##### Records #####

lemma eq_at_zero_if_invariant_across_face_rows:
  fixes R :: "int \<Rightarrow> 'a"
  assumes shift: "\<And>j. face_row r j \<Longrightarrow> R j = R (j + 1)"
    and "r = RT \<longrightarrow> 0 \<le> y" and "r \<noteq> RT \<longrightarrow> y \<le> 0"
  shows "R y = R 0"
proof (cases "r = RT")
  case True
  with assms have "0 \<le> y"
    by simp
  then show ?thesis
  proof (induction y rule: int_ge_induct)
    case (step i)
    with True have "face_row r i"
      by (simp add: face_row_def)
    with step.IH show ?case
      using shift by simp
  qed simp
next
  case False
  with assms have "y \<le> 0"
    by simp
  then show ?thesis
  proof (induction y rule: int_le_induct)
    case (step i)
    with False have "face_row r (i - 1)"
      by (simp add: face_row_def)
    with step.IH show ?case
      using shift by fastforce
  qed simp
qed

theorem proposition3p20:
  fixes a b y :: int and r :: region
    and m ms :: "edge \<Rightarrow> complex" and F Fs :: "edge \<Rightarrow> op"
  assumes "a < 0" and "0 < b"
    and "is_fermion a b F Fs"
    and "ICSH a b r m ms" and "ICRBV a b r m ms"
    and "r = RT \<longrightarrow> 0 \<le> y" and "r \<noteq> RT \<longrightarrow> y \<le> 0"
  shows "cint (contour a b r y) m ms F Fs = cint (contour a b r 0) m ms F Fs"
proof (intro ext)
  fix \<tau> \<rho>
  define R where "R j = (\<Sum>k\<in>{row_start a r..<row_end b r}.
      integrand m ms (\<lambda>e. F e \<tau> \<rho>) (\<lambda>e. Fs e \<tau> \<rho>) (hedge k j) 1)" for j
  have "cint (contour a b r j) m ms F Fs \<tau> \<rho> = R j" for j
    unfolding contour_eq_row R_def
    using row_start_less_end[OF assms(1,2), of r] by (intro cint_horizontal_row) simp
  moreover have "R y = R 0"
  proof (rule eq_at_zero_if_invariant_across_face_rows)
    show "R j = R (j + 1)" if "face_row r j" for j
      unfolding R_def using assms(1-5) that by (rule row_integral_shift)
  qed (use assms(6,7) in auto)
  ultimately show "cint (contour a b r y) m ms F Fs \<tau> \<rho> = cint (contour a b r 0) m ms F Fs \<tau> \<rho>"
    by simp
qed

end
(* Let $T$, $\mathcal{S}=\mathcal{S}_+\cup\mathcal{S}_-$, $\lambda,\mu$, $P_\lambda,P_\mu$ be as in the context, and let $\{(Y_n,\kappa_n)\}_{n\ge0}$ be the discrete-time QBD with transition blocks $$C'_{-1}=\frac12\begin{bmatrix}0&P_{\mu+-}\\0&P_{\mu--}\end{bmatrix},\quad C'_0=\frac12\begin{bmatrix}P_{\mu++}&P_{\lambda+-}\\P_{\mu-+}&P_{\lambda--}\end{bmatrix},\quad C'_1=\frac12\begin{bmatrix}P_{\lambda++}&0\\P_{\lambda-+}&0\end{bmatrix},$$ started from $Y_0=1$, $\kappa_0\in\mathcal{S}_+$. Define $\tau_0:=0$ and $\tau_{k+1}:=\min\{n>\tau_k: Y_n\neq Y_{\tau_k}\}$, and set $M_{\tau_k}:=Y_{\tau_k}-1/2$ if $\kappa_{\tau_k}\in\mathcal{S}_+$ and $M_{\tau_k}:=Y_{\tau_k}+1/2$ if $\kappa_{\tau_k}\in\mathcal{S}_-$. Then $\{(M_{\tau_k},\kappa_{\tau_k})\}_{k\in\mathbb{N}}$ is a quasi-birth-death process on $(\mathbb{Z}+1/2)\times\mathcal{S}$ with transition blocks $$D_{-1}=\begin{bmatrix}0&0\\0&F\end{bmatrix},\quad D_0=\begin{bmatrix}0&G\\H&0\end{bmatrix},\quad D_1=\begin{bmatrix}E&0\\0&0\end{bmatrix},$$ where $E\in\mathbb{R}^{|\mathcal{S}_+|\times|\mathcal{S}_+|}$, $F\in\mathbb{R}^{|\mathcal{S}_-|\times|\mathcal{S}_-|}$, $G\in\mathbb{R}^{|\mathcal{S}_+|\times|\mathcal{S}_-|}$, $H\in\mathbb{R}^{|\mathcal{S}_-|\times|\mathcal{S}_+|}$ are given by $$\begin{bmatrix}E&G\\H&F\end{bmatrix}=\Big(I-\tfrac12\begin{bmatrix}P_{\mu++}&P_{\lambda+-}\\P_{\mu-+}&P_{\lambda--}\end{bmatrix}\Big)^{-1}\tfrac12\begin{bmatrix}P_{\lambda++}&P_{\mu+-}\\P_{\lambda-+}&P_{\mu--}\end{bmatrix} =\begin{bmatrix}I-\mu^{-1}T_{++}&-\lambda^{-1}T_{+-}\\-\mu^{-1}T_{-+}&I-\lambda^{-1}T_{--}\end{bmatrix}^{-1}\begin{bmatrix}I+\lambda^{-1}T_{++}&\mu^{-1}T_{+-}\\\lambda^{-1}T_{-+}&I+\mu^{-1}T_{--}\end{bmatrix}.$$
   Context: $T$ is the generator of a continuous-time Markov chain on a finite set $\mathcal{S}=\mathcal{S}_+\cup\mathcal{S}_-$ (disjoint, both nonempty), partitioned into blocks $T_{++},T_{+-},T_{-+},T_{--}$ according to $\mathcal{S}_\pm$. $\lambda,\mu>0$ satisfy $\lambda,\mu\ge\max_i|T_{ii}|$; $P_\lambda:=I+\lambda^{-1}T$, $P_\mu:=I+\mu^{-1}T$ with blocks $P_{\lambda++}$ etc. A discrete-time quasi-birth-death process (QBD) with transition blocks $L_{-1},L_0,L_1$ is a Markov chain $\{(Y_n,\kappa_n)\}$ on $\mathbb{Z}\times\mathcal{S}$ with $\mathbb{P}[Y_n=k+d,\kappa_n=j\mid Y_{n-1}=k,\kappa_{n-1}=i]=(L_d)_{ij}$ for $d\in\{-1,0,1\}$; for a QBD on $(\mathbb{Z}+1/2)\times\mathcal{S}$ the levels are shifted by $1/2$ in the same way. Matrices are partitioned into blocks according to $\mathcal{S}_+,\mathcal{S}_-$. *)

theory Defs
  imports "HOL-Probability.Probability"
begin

#####

## What is required:
Output all of the material exactly as written.

## Completed task:
lemma eq_at_zero_if_invariant_across_face_rows:
  fixes R :: "int \<Rightarrow> 'a"
  assumes shift: "\<And>j. face_row r j \<Longrightarrow> R j = R (j + 1)"
    and "r = RT \<longrightarrow> 0 \<le> y" and "r \<noteq> RT \<longrightarrow> y \<le> 0"
  shows "R y = R 0"
proof (cases "r = RT")
  case True
  with assms have "0 \<le> y"
    by simp
  then show ?thesis
  proof (induction y rule: int_ge_induct)
    case (step i)
    with True have "face_row r i"
      by (simp add: face_row_def)
    with step.IH show ?case
      using shift by simp
  qed simp
next
  case False
  with assms have "y \<le> 0"
    by simp
  then show ?thesis
  proof (induction y rule: int_le_induct)
    case (step i)
    with False have "face_row r (i - 1)"
      by (simp add: face_row_def)
    with step.IH show ?case
      using shift by fastforce
  qed simp
qed

theorem proposition3p20:
  fixes a b y :: int and r :: region
    and m ms :: "edge \<Rightarrow> complex" and F Fs :: "edge \<Rightarrow> op"
  assumes "a < 0" and "0 < b"
    and "is_fermion a b F Fs"
    and "ICSH a b r m ms" and "ICRBV a b r m ms"
    and "r = RT \<longrightarrow> 0 \<le> y" and "r \<noteq> RT \<longrightarrow> y \<le> 0"
  shows "cint (contour a b r y) m ms F Fs = cint (contour a b r 0) m ms F Fs"
proof (intro ext)
  fix \<tau> \<rho>
  define R where "R j = (\<Sum>k\<in>{row_start a r..<row_end b r}.
      integrand m ms (\<lambda>e. F e \<tau> \<rho>) (\<lambda>e. Fs e \<tau> \<rho>) (hedge k j) 1)" for j
  have "cint (contour a b r j) m ms F Fs \<tau> \<rho> = R j" for j
    unfolding contour_eq_row R_def
    using row_start_less_end[OF assms(1,2), of r] by (intro cint_horizontal_row) simp
  moreover have "R y = R 0"
  proof (rule eq_at_zero_if_invariant_across_face_rows)
    show "R j = R (j + 1)" if "face_row r j" for j
      unfolding R_def using assms(1-5) that by (rule row_integral_shift)
  qed (use assms(6,7) in auto)
  ultimately show "cint (contour a b r y) m ms F Fs \<tau> \<rho> = cint (contour a b r 0) m ms F Fs \<tau> \<rho>"
    by simp
qed

end
(* Let $T$, $\mathcal{S}=\mathcal{S}_+\cup\mathcal{S}_-$, $\lambda,\mu$, $P_\lambda,P_\mu$ be as in the context, and let $\{(Y_n,\kappa_n)\}_{n\ge0}$ be the discrete-time QBD with transition blocks $$C'_{-1}=\frac12\begin{bmatrix}0&P_{\mu+-}\\0&P_{\mu--}\end{bmatrix},\quad C'_0=\frac12\begin{bmatrix}P_{\mu++}&P_{\lambda+-}\\P_{\mu-+}&P_{\lambda--}\end{bmatrix},\quad C'_1=\frac12\begin{bmatrix}P_{\lambda++}&0\\P_{\lambda-+}&0\end{bmatrix},$$ started from $Y_0=1$, $\kappa_0\in\mathcal{S}_+$. Define $\tau_0:=0$ and $\tau_{k+1}:=\min\{n>\tau_k: Y_n\neq Y_{\tau_k}\}$, and set $M_{\tau_k}:=Y_{\tau_k}-1/2$ if $\kappa_{\tau_k}\in\mathcal{S}_+$ and $M_{\tau_k}:=Y_{\tau_k}+1/2$ if $\kappa_{\tau_k}\in\mathcal{S}_-$. Then $\{(M_{\tau_k},\kappa_{\tau_k})\}_{k\in\mathbb{N}}$ is a quasi-birth-death process on $(\mathbb{Z}+1/2)\times\mathcal{S}$ with transition blocks $$D_{-1}=\begin{bmatrix}0&0\\0&F\end{bmatrix},\quad D_0=\begin{bmatrix}0&G\\H&0\end{bmatrix},\quad D_1=\begin{bmatrix}E&0\\0&0\end{bmatrix},$$ where $E\in\mathbb{R}^{|\mathcal{S}_+|\times|\mathcal{S}_+|}$, $F\in\mathbb{R}^{|\mathcal{S}_-|\times|\mathcal{S}_-|}$, $G\in\mathbb{R}^{|\mathcal{S}_+|\times|\mathcal{S}_-|}$, $H\in\mathbb{R}^{|\mathcal{S}_-|\times|\mathcal{S}_+|}$ are given by $$\begin{bmatrix}E&G\\H&F\end{bmatrix}=\Big(I-\tfrac12\begin{bmatrix}P_{\mu++}&P_{\lambda+-}\\P_{\mu-+}&P_{\lambda--}\end{bmatrix}\Big)^{-1}\tfrac12\begin{bmatrix}P_{\lambda++}&P_{\mu+-}\\P_{\lambda-+}&P_{\mu--}\end{bmatrix} =\begin{bmatrix}I-\mu^{-1}T_{++}&-\lambda^{-1}T_{+-}\\-\mu^{-1}T_{-+}&I-\lambda^{-1}T_{--}\end{bmatrix}^{-1}\begin{bmatrix}I+\lambda^{-1}T_{++}&\mu^{-1}T_{+-}\\\lambda^{-1}T_{-+}&I+\mu^{-1}T_{--}\end{bmatrix}.$$
   Context: $T$ is the generator of a continuous-time Markov chain on a finite set $\mathcal{S}=\mathcal{S}_+\cup\mathcal{S}_-$ (disjoint, both nonempty), partitioned into blocks $T_{++},T_{+-},T_{-+},T_{--}$ according to $\mathcal{S}_\pm$. $\lambda,\mu>0$ satisfy $\lambda,\mu\ge\max_i|T_{ii}|$; $P_\lambda:=I+\lambda^{-1}T$, $P_\mu:=I+\mu^{-1}T$ with blocks $P_{\lambda++}$ etc. A discrete-time quasi-birth-death process (QBD) with transition blocks $L_{-1},L_0,L_1$ is a Markov chain $\{(Y_n,\kappa_n)\}$ on $\mathbb{Z}\times\mathcal{S}$ with $\mathbb{P}[Y_n=k+d,\kappa_n=j\mid Y_{n-1}=k,\kappa_{n-1}=i]=(L_d)_{ij}$ for $d\in\{-1,0,1\}$; for a QBD on $(\mathbb{Z}+1/2)\times\mathcal{S}$ the levels are shifted by $1/2$ in the same way. Matrices are partitioned into blocks according to $\mathcal{S}_+,\mathcal{S}_-$. *)

theory Defs
  imports "HOL-Probability.Probability"
begin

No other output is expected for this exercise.